Questioning leads your mind into negativity, and takes away from what is truly important— being ready to stop the next shot.
Forget About Numbers
Everyone wants to have good numbers, whether we act like we care about it or not. Whenever you give up the first shot of a game your save percentage is a whopping 0.0%. Great. It’s easy to focus on what your stats are looking like during the game, but worrying about numbers during the game puts extra pressure on you, and makes it easy to lose focus. If you get scored on again a few shots later, you can make it even worse. If you’ve given up 2 goals on 4 shots, now you have a .50 save percentage, and you may think “well now I have to make 16 more saves in a row to get back up to .900.” 16 saves in a row doesn’t sound like such an easy task when you’ve already given up 2 goals on 4. It can be disheartening, and if you get scored on again within those next 16 shots, you will feel like you failed again and chalk the game up to being a bad game. Or you may think, “Well now I have to hold them off for almost the entire game if I want to have a good game”, and that’s no better, because when you’re 2 minutes into the first period, holding them off for the entire rest of the game sounds like a giant mountain to climb. Focus on the next step, not the mountain.
If you have already decided it’s going to be a bad game for you, then if you end up in a tie game down the stretch with a chance to win, you will have already decided you’ve lost and you won’t be ready to make the big saves when your team needs them.
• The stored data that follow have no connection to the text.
lemma partial_density_preimage_block_map_le:
  assumes "block t = Suc j"
  shows "partial_density (block_map -` A) t
    \<le> 1 / real (j + 2) + (1 / \<delta> + 1) * (partial_density A (n j) + partial_density A (n (Suc j)))"
proof -
  let ?P = "\<lambda>i. {y. y < t \<and> e i (y mod c i) \<in> A}"
  have t: "n (Suc j) \<le> t" "n j \<le> t"
    using n_block_le[of t] assms strict_mono_less_eq[OF strict_mono_n, of j "Suc j"] by auto
  have "card (block_map -` A \<inter> {..<t}) \<le> card ({..<n j} \<union> ?P j \<union> ?P (Suc j))"
    using preimage_block_map_subset[OF assms] by (intro card_mono) auto
  also have "\<dots> \<le> n j + card (?P j) + card (?P (Suc j))"
    by (metis (no_types, lifting) add_le_mono1 card_Un_le card_lessThan le_trans)
  finally have card_le: "card (block_map -` A \<inter> {..<t}) \<le> n j + card (?P j) + card (?P (Suc j))" .
  define K where "K = (1 / \<delta> + 1) * (partial_density A (n j) + partial_density A (n (Suc j)))"
  have "real (n j) \<le> real t / real (j + 2)"
  proof -
    have "(j + 2) * n j \<le> t" using n_growth[of j] t(1) by linarith
    then have "real (j + 2) * real (n j) \<le> real t" by (metis of_nat_le_iff of_nat_mult)
    then show ?thesis by (simp add: field_simps)
  qed
  then have "real (card (block_map -` A \<inter> {..<t})) \<le> real t / real (j + 2) + K * real t"
    using card_le card_block_preimage_le[OF t(2), of A] card_block_preimage_le[OF t(1), of A]
    unfolding K_def partial_density_def by (simp add: algebra_simps)
  then have "partial_density (block_map -` A) t \<le> (real t / real (j + 2) + K * real t) / real t"
    unfolding partial_density_def by (rule divide_right_mono) simp
  also have "\<dots> = 1 / real (j + 2) + K"
    using t n_pos[of j] by (simp add: add_divide_distrib)
  finally show ?thesis unfolding K_def .
qed

lemma filterlim_block_pred_sequentially: "filterlim (\<lambda>t. block t - 1) sequentially sequentially"
  unfolding filterlim_at_top
proof
  fix i
  show "\<forall>\<^sub>F t in sequentially. i \<le> block t - 1"
    using eventually_ge_at_top[of "n (Suc i)"]
  proof eventually_elim
    case (elim t)
    then show ?case using le_block[of "Suc i" t] by simp
  qed
qed

lemma density_zero_preimage_block_map:
  assumes "density_zero A"
  shows "density_zero (block_map -` A)"
proof -
  define R where "R j = 1 / real (j + 2)
    + (1 / \<delta> + 1) * (partial_density A (n j) + partial_density A (n (Suc j)))" for j
  have "(\<lambda>j. partial_density A (n j)) \<longlonglongrightarrow> 0"
    using LIMSEQ_subseq_LIMSEQ[OF assms[unfolded density_zero_def] strict_mono_n] by (simp add: comp_def)
  moreover have "(\<lambda>j. 1 / real (j + 2)) \<longlonglongrightarrow> 0"
    using LIMSEQ_Suc[OF LIMSEQ_Suc[OF lim_inverse_n']] by simp
  ultimately have "R \<longlonglongrightarrow> 0 + (1 / \<delta> + 1) * (0 + 0)"
    unfolding R_def by (intro tendsto_add tendsto_mult tendsto_const LIMSEQ_Suc)
  then have lim: "(\<lambda>t. R (block t - 1)) \<longlonglongrightarrow> 0"
    by (intro filterlim_compose[OF _ filterlim_block_pred_sequentially]) simp
  have upper: "\<forall>\<^sub>F t in sequentially. partial_density (block_map -` A) t \<le> R (block t - 1)"
    using eventually_ge_at_top[of "n 1"]
  proof eventually_elim
    case (elim t)
    then have "block t = Suc (block t - 1)" using le_block[of 1 t] by simp
    then show ?case unfolding R_def by (rule partial_density_preimage_block_map_le)
  qed
  have lower: "\<forall>\<^sub>F t in sequentially. 0 \<le> partial_density (block_map -` A) t"
    by (simp add: partial_density_def)
  show ?thesis
    unfolding density_zero_def by (rule tendsto_sandwich[OF lower upper tendsto_const lim])
qed

end

lemma map_into_with_density_zero_preimages:
  assumes "\<not> density_zero B"
  obtains \<sigma> where "\<And>y. \<sigma> y \<in> B" "\<And>A. density_zero A \<Longrightarrow> density_zero (\<sigma> -` A)"
proof -
  obtain \<delta> where \<delta>: "0 < \<delta>" "\<forall>N. \<exists>m\<ge>N. 1 \<le> m \<and> \<delta> * real m \<le> real (card (B \<inter> {..<m}))"
    using frequently_dense_if_not_density_zero[OF assms] by blast
  obtain n where n: "\<And>i. 1 \<le> n i \<and> \<delta> * real (n i) \<le> real (card (B \<inter> {..<n i}))"
    and growth: "\<And>i. (i + 2) * n i \<le> n (Suc i)"
    using fast_growing_subsequence[OF \<delta>(2)] by blast
  define c where "c i = card (B \<inter> {..<n i})" for i
  have "\<forall>i. \<exists>f. bij_betw f {..<c i} (B \<inter> {..<n i})"
    unfolding c_def lessThan_atLeast0 by (intro allI ex_bij_betw_nat_finite) simp
  then obtain e where e: "\<And>i. bij_betw (e i) {..<c i} (B \<inter> {..<n i})" by metis
  interpret dense_blocks n c e \<delta>
  proof
    show "inj_on (e i) {..<c i}" for i using e bij_betw_imp_inj_on by blast
    show "r < c i \<Longrightarrow> e i r < n i" for r i using bij_betwE[OF e[of i]] by blast
  qed (use \<delta>(1) n growth in \<open>auto simp: c_def\<close>)
  show thesis
  proof (rule that[of block_map])
    show "block_map y \<in> B" for y
      using bij_betwE[OF e[of "block y"]] c_pos[of "block y"] by (auto simp: block_map_def)
  qed (rule density_zero_preimage_block_map)
qed

definition op_of :: "nat \<Rightarrow> (nat list \<Rightarrow> nat) \<Rightarrow> op" where
  "op_of k f = (k, \<lambda>xs. if length xs = k then f xs else 0)"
You can’t make 2, 3, or 16 saves at a time, so don’t make yourself feel like you have to. Instead, focus on the next shot, and on making one save at a time. If you do that, you will string together some saves, and before you know it, you will make 16, 20, or 25 saves in a row. And if you don’t, focus on the next shot anyways. That is the best way to bounce back from giving up the first shot of the game. If you have single minded focus on being ready for the next save, you will end up playing your best game.
Trust That You Will Find a Rhythm
Sometimes, you feel great heading into a game and when you get scored on early, you feel unaffected and like you are still laser focused. That’s great, cherish that.
Often times, when you are scored on early, you feel little off, and like you need to try hard to focus. Be comfortable feeling a bit off in games. You are not going to have your best focus at every moment of every game (but this doesn’t mean you’ll have a bad game). Trust that as the game goes on, you will be able to string some saves together. Once you start stringing some saves together, you will start seeing the puck well, and you will feel like you are in the zone. The tough part is transversing this gap of feeling a bit off to feeling in the zone. The best way to bridge this gap is to make a few saves to get yourself feeling good. And how do you make a few saves in a row? You guessed it— focus on the next one.
There Are Moments That Won’t Go Your Way
Accept it. It’s part of being a goalie. The best goalies have moments that don’t go their way all the time. But what separates the best goalies is how they manage games when they aren’t going their way. Giving up a goal on the first shot of the game is one of these moments. Handle a goal on the first shot no differently than you would a goal midway through the second on the 20th shot. Immediately let it go. Reset. Stay away from negativity, and direct your mind to be laser focused on one thing: stopping the next shot. When you do that, you will find your way into the zone. Don’t try to force your way into it, you can’t force high level focus. Keep your mind positive, and let it relax into the zone so that instinct can take over.
If you do that, you will play the best game you can, and hopefully give your team a chance to win (if they’re at all worth their salt :))—even if you give up the first shot of the game.